Many of the practices we outlined can be automatically measured by examining instances of the code over time. By looking at the long term evolution of specific metrics we can determine whether they indeed change over time, as well as the direction and rate of change.

The results of the study on long term evolution of programming practices can be used to allocate the investment of additional effort in areas where progress has been efficiently achieved, and to look for new ways to tackle problems in areas showing a lack of significant progress. Also, given the hypothesis that the structure and internal quality attributes of a working, non-trivial software artifact will represent first and foremost the engineering requirements of its construction [1], the results can also indicate areas where developers rationally allocated improvement effort and areas where developers did not see a reason to invest.

2 Methods

Figure 1: Mean file date of C source code files in the examined Unix releases

Our study is based on a synthetic software configuration management repository tracking the long term evolution of the Unix operating system. At successive time points of significant releases we process the source code with a custom-developed tool to extract a variety of metrics for each file. We then synthesize these metrics into values that are related to the internal code quality of the whole system, and analyze the results over time using established statistical techniques.
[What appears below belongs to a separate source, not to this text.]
(* Let $\mathcal C\subseteq\{0,1\}^n$ and $\mathcal D\subseteq\{0,1\}^m$ be neural codes and let $\phi:R_\mathcal D\to R_\mathcal C$ be a ring homomorphism. Then $\phi$ is a neural ring homomorphism if and only if the associated code map $q_\phi:\mathcal C\to\mathcal D$ is a composition of code maps of the following types (each between neural codes): 1. Permutation of labels: for a code $\mathcal A\subseteq\{0,1\}^k$ and a permutation $\sigma$ of $[k]$, the map $\mathcal A\to\mathcal A'$, $(a_1,\dots,a_k)\mapsto(a_{\sigma(1)},\dots,a_{\sigma(k)})$, where $\mathcal A'$ is the image of $\mathcal A$; 2. Adding codewords (inclusion): for codes $\mathcal A\subseteq\mathcal A'\subseteq\{0,1\}^k$, the map $\mathcal A\to\mathcal A'$, $a\mapsto a$; 3. Deleting the last neuron: $\mathcal A\to\mathcal A'$, $(a_1,\dots,a_k)\mapsto(a_1,\dots,a_{k-1})$, where $\mathcal A'$ is the image; 4. Repeating a neuron: for some $i\in[k]$, $\mathcal A\to\mathcal A'$, $(a_1,\dots,a_k)\mapsto(a_1,\dots,a_k,a_i)$, where $\mathcal A'$ is the image; 5. Adding a trivial neuron: $\mathcal A\to\mathcal A'$, $(a_1,\dots,a_k)\mapsto(a_1,\dots,a_k,0)$ for all $a$, or $(a_1,\dots,a_k)\mapsto(a_1,\dots,a_k,1)$ for all $a$, where $\mathcal A'$ is the image.
   Context: For a code $\mathcal C\subseteq\{0,1\}^n$, $R_\mathcal C$ is the ring of all functions $\mathcal C\to\mathbb F_2$ (equivalently $\mathbb F_2[x_1,\dots,x_n]$ modulo the ideal of polynomials vanishing on $\mathcal C$), and $R[n]=R_{\{0,1\}^n}=\mathbb F_2[x_1,\dots,x_n]/\langle x_i^2-x_i\rangle$. $R_\mathcal C$ is an $R[n]$-module via $(r\cdot f)(c)=r(c)f(c)$. For $c\in\mathcal C$, $\rho_c\in R_\mathcal C$ is the indicator function of $\{c\}$. For a ring homomorphism $\phi:R_\mathcal D\to R_\mathcal C$ and $c\in\mathcal C$ there is a unique $d\in\mathcal D$ with $\phi(\rho_d)(c)=1$; the associated code map is $q_\phi(c)=$ this $d$. A ring homomorphism $\tau:R[m]\to R[n]$ is compatible with $\phi$ if $\phi(r\cdot f)=\tau(r)\cdot\phi(f)$ for all $r\in R[m]$, $f\in R_\mathcal D$. A ring homomorphism $\tau:R[m]\to R[n]$ is linear-monomial if $\tau(x_i)\in\{x_1,\dots,x_n,0,1\}$ for every $i\in[m]$. A ring homomorphism $\phi:R_\mathcal D\to R_\mathcal C$ is a neural ring homomorphism if there exists a linear-monomial ring homomorphism $\tau:R[m]\to R[n]$ compatible with $\phi$. *)

theory Defs
  imports "HOL-Algebra.Ring" "HOL-Combinatorics.Permutations"
begin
The primary sources of the material include source code snapshots of early released versions, which were obtained from the Unix Heritage Society archive, the CD-ROM images containing the full source archives of Berkeley's Computer Science Research Group (CSRG), the OldLinux site, and the FreeBSD archive. These snapshots were merged with the CSRG SCCS repository, the FreeBSD 1 CVS repository, and the Git mirror of modern FreeBSD development. This material formed the basis for constructing a synthetic Git repository, which allows the efficient retrieval and processing of the Unix source code covering a period of 44 years [2].

We addressed the difficulty of parsing C source code without access to the original compilation environment by extending and using our cmcalc¹ open source tool, which efficiently calculates a variety of C code quality metrics, without requiring full access to the compilation environment's parameters. The tool's operation is based on state machine logic [3], and will therefore produce reasonably accurate results without requiring access to header files and the like. The cmcalc tool calculates size, language feature, code style, and commenting metrics; see the tool's documentation and reference [4] for more details.

We collected the metrics by iterating through 66 Unix releases (see Figure 1), starting from the Third Research Edition (1973) and ending with FreeBSD 10.0.0 (2014). For each release we checked out the code and run cmcalc on all its C files. Through this process we collected 490 thousand records containing in total 50 million values.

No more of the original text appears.